* **What to do**
Every line of the listing that follows must be written out unchanged.

** Opening Data supplied block **

(* Consider the $K$-user time-invariant phase-fading complex Gaussian interference channel with unit per-symbol peak-power constraints described in the context. There exists a constant $c>0$ such that, with probability tending to $1$ as $K\to\infty$ (probability over the random channel phases $\{\Theta_{kj}\}$), the realized channel admits an achievable sum-rate of at least $c\,\frac{\ln K}{\ln\ln K}$. In other words, a sum-rate of $\Omega\!\left(\frac{\ln K}{\ln \ln K}\right)$ is achievable with high probability as $K\to\infty$.
   Context: There are $K$ transmitter-receiver pairs indexed by $[K]=\{1,\dots,K\}$. The channel is: for all $k\in[K]$ and time slots $t\in\mathbb{N}$, $Y_k[t]=\sum_{j=1}^K e^{i\Theta_{kj}}X_j[t]+Z_k[t]$, where $X_j[t]\in\mathbb{C}$ is the signal sent by transmitter $j$, $Y_k[t]$ is the signal received at receiver $k$, the noise $Z_k[t]$ is i.i.d. circularly symmetric complex Gaussian $\mathcal{CN}(0,1)$ (independent over $k,t$), and the phases $\{\Theta_{kj}\}_{k,j\in[K]}$ are drawn independently and uniformly from $[-\pi,\pi)$ once and stay fixed over time (time-invariant channel). All transmitters and receivers know all the phases. Inputs satisfy the peak-power constraint $|X_k[t]|^2\le 1$ for all $k,t$. A code of block length $n$ consists of encoders $f_k(n)$ mapping a message $W_k$, uniform on $\{1,\dots,2^{nR_k}\}$, to $X_k^n\in\mathbb{C}^n$, and decoders $\phi_k(n)$ mapping $Y_k^n$ to an estimate $\hat W_k$. A rate vector $(R_1,\dots,R_K)$ is achievable if there is a sequence of such codes with $\mathbb{P}[\hat W_k\ne W_k]\to 0$ as $n\to\infty$ for every $k$; a sum-rate $R_{sum}$ is achievable if $R_{sum}=\sum_k R_k$ for some achievable rate vector. "With high probability" means with probability (over $\{\Theta_{kj}\}$) tending to $1$ as $K\to\infty$. *)

theory Defs
  imports "HOL-Probability.Probability"
begin

text \<open>Users are indexed by 0..K-1 (i.e. the set lessThan K), time slots of a
block of length n by 0..n-1, messages of user k by 0..M_k-1.\<close>

definition cgauss :: "complex measure" where
  "cgauss = density lborel (\<lambda>z. ennreal (exp (- ((cmod z) ^ 2)) / pi))"

definition noise :: "nat \<Rightarrow> (nat \<Rightarrow> complex) measure" where
  "noise n = PiM {..<n} (\<lambda>_. cgauss)"

definition msg_size :: "nat \<Rightarrow> real \<Rightarrow> nat" where
  "msg_size n r = nat \<lceil>2 powr (real n * r)\<rceil>"

text \<open>A code of block length n for K users with message-set sizes M:
encoders enc k w t (signal of transmitter k for message w at time t)
satisfying the peak-power constraint, and (measurable) decoders dec k.\<close>
definition is_code ::
  "nat \<Rightarrow> nat \<Rightarrow> (nat \<Rightarrow> nat) \<Rightarrow> (nat \<Rightarrow> nat \<Rightarrow> nat \<Rightarrow> complex)
   \<Rightarrow> (nat \<Rightarrow> (nat \<Rightarrow> complex) \<Rightarrow> nat) \<Rightarrow> bool" where
  "is_code K n M enc dec \<longleftrightarrow>
     (\<forall>k<K. \<forall>w<M k. \<forall>t<n. (cmod (enc k w t)) ^ 2 \<le> 1) \<and>
     (\<forall>k<K. dec k \<in> measurable (PiM {..<n} (\<lambda>_. borel)) (count_space UNIV))"

definition received ::
  "(nat \<times> nat \<Rightarrow> real) \<Rightarrow> nat \<Rightarrow> nat \<Rightarrow> (nat \<Rightarrow> nat \<Rightarrow> nat \<Rightarrow> complex)
   \<Rightarrow> (nat \<Rightarrow> nat) \<Rightarrow> nat \<Rightarrow> (nat \<Rightarrow> complex) \<Rightarrow> (nat \<Rightarrow> complex)" where
  "received \<theta> K n enc w k z =
     restrict (\<lambda>t. (\<Sum>j<K. cis (\<theta> (k, j)) * enc j (w j) t) + z t) {..<n}"

definition err_prob ::
  "(nat \<times> nat \<Rightarrow> real) \<Rightarrow> nat \<Rightarrow> nat \<Rightarrow> (nat \<Rightarrow> nat) \<Rightarrow> (nat \<Rightarrow> nat \<Rightarrow> nat \<Rightarrow> complex)
   \<Rightarrow> (nat \<Rightarrow> (nat \<Rightarrow> complex) \<Rightarrow> nat) \<Rightarrow> nat \<Rightarrow> real" where
  "err_prob \<theta> K n M enc dec k =
     (\<Sum>w\<in>PiE {..<K} (\<lambda>j. {..<M j}).
        measure (noise n) {z \<in> space (noise n). dec k (received \<theta> K n enc w k z) \<noteq> w k})
     / (\<Prod>j<K. real (M j))"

** Closing Data supplied block **

* **Result below**
(* Consider the $K$-user time-invariant phase-fading complex Gaussian interference channel with unit per-symbol peak-power constraints described in the context. There exists a constant $c>0$ such that, with probability tending to $1$ as $K\to\infty$ (probability over the random channel phases $\{\Theta_{kj}\}$), the realized channel admits an achievable sum-rate of at least $c\,\frac{\ln K}{\ln\ln K}$. In other words, a sum-rate of $\Omega\!\left(\frac{\ln K}{\ln \ln K}\right)$ is achievable with high probability as $K\to\infty$.
   Context: There are $K$ transmitter-receiver pairs indexed by $[K]=\{1,\dots,K\}$. The channel is: for all $k\in[K]$ and time slots $t\in\mathbb{N}$, $Y_k[t]=\sum_{j=1}^K e^{i\Theta_{kj}}X_j[t]+Z_k[t]$, where $X_j[t]\in\mathbb{C}$ is the signal sent by transmitter $j$, $Y_k[t]$ is the signal received at receiver $k$, the noise $Z_k[t]$ is i.i.d. circularly symmetric complex Gaussian $\mathcal{CN}(0,1)$ (independent over $k,t$), and the phases $\{\Theta_{kj}\}_{k,j\in[K]}$ are drawn independently and uniformly from $[-\pi,\pi)$ once and stay fixed over time (time-invariant channel). All transmitters and receivers know all the phases. Inputs satisfy the peak-power constraint $|X_k[t]|^2\le 1$ for all $k,t$. A code of block length $n$ consists of encoders $f_k(n)$ mapping a message $W_k$, uniform on $\{1,\dots,2^{nR_k}\}$, to $X_k^n\in\mathbb{C}^n$, and decoders $\phi_k(n)$ mapping $Y_k^n$ to an estimate $\hat W_k$. A rate vector $(R_1,\dots,R_K)$ is achievable if there is a sequence of such codes with $\mathbb{P}[\hat W_k\ne W_k]\to 0$ as $n\to\infty$ for every $k$; a sum-rate $R_{sum}$ is achievable if $R_{sum}=\sum_k R_k$ for some achievable rate vector. "With high probability" means with probability (over $\{\Theta_{kj}\}$) tending to $1$ as $K\to\infty$. *)

theory Defs
  imports "HOL-Probability.Probability"
begin

text \<open>Users are indexed by 0..K-1 (i.e. the set lessThan K), time slots of a
block of length n by 0..n-1, messages of user k by 0..M_k-1.\<close>

definition cgauss :: "complex measure" where
  "cgauss = density lborel (\<lambda>z. ennreal (exp (- ((cmod z) ^ 2)) / pi))"

definition noise :: "nat \<Rightarrow> (nat \<Rightarrow> complex) measure" where
  "noise n = PiM {..<n} (\<lambda>_. cgauss)"

definition msg_size :: "nat \<Rightarrow> real \<Rightarrow> nat" where
  "msg_size n r = nat \<lceil>2 powr (real n * r)\<rceil>"

text \<open>A code of block length n for K users with message-set sizes M:
encoders enc k w t (signal of transmitter k for message w at time t)
satisfying the peak-power constraint, and (measurable) decoders dec k.\<close>
definition is_code ::
  "nat \<Rightarrow> nat \<Rightarrow> (nat \<Rightarrow> nat) \<Rightarrow> (nat \<Rightarrow> nat \<Rightarrow> nat \<Rightarrow> complex)
   \<Rightarrow> (nat \<Rightarrow> (nat \<Rightarrow> complex) \<Rightarrow> nat) \<Rightarrow> bool" where
  "is_code K n M enc dec \<longleftrightarrow>
     (\<forall>k<K. \<forall>w<M k. \<forall>t<n. (cmod (enc k w t)) ^ 2 \<le> 1) \<and>
     (\<forall>k<K. dec k \<in> measurable (PiM {..<n} (\<lambda>_. borel)) (count_space UNIV))"

definition received ::
  "(nat \<times> nat \<Rightarrow> real) \<Rightarrow> nat \<Rightarrow> nat \<Rightarrow> (nat \<Rightarrow> nat \<Rightarrow> nat \<Rightarrow> complex)
   \<Rightarrow> (nat \<Rightarrow> nat) \<Rightarrow> nat \<Rightarrow> (nat \<Rightarrow> complex) \<Rightarrow> (nat \<Rightarrow> complex)" where
  "received \<theta> K n enc w k z =
     restrict (\<lambda>t. (\<Sum>j<K. cis (\<theta> (k, j)) * enc j (w j) t) + z t) {..<n}"

definition err_prob ::
  "(nat \<times> nat \<Rightarrow> real) \<Rightarrow> nat \<Rightarrow> nat \<Rightarrow> (nat \<Rightarrow> nat) \<Rightarrow> (nat \<Rightarrow> nat \<Rightarrow> nat \<Rightarrow> complex)
   \<Rightarrow> (nat \<Rightarrow> (nat \<Rightarrow> complex) \<Rightarrow> nat) \<Rightarrow> nat \<Rightarrow> real" where
  "err_prob \<theta> K n M enc dec k =
     (\<Sum>w\<in>PiE {..<K} (\<lambda>j. {..<M j}).
        measure (noise n) {z \<in> space (noise n). dec k (received \<theta> K n enc w k z) \<noteq> w k})
     / (\<Prod>j<K. real (M j))"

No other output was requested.